▸ **PROBLEM STATEMENT**
Go over the data and keep only the lines that include "assumes".

▸ **TASK DATA**
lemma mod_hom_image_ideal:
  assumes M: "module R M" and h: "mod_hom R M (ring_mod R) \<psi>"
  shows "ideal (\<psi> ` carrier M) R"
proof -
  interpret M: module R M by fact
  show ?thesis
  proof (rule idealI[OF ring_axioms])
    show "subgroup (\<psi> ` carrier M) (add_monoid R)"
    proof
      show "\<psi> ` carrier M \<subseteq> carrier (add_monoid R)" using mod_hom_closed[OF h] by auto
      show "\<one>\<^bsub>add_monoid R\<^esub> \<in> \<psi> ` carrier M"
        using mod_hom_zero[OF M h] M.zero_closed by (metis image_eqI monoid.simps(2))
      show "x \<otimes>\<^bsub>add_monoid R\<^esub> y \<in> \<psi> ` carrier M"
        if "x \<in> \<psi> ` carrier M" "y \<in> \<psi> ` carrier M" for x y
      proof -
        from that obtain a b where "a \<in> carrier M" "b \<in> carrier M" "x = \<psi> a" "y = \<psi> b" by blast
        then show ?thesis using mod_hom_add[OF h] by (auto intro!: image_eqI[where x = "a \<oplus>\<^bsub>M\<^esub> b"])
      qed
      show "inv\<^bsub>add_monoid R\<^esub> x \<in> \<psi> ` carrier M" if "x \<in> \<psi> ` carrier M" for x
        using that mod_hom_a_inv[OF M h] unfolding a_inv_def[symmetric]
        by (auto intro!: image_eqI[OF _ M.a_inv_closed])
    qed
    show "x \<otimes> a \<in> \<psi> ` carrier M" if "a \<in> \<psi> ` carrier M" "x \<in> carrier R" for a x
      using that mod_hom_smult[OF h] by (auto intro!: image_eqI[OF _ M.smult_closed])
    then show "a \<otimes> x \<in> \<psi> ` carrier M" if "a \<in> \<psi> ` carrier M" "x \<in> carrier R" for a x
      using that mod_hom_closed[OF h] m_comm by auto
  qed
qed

* * *

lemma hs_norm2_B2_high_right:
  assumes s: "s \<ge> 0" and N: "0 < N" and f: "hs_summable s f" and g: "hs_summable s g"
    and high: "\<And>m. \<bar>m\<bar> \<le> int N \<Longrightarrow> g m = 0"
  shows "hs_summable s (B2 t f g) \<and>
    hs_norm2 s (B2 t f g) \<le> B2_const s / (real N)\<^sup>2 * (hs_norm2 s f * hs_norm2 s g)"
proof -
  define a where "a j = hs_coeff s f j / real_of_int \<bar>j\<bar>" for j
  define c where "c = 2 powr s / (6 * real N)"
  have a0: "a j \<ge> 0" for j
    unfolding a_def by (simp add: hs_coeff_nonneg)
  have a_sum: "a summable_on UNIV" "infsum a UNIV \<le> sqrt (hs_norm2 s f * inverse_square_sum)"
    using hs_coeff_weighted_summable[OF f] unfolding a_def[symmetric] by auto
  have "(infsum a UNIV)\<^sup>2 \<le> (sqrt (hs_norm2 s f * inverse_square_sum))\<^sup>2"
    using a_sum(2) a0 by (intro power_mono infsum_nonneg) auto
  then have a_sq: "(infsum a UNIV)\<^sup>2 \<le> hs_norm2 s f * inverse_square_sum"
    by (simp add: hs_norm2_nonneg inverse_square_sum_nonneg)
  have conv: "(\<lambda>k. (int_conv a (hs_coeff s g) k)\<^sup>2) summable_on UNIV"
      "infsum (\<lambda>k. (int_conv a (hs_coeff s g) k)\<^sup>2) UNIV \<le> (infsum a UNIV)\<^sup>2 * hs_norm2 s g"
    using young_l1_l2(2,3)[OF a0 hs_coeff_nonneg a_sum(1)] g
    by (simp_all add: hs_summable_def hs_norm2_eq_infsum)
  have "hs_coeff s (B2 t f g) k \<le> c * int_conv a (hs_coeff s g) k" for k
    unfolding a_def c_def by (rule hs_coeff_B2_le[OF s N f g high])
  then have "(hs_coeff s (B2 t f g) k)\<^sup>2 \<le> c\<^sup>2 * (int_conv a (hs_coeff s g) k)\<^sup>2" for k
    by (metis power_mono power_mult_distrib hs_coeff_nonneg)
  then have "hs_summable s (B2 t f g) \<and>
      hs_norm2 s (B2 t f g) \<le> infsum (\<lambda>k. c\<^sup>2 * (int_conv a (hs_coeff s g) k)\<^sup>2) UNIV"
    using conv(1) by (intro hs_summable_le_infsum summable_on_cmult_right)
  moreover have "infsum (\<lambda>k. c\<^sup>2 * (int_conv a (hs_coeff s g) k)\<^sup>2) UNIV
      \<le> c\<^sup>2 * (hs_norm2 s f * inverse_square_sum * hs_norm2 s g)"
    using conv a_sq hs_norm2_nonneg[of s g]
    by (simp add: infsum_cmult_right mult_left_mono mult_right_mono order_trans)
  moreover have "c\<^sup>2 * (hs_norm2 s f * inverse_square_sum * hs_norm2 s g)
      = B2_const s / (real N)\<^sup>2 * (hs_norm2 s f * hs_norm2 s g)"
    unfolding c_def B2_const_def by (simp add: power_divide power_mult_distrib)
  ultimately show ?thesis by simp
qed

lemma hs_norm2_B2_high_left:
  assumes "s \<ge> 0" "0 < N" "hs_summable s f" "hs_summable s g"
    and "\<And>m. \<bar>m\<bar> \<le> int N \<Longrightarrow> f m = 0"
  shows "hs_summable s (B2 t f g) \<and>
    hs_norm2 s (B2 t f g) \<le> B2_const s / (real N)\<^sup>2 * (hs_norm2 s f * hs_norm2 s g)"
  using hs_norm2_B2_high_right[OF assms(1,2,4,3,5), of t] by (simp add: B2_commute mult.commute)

▸ **EXERCISE SOLUTION**
  assumes M: "module R M" and h: "mod_hom R M (ring_mod R) \<psi>"
  assumes s: "s \<ge> 0" and N: "0 < N" and f: "hs_summable s f" and g: "hs_summable s g"
  assumes "s \<ge> 0" "0 < N" "hs_summable s f" "hs_summable s g"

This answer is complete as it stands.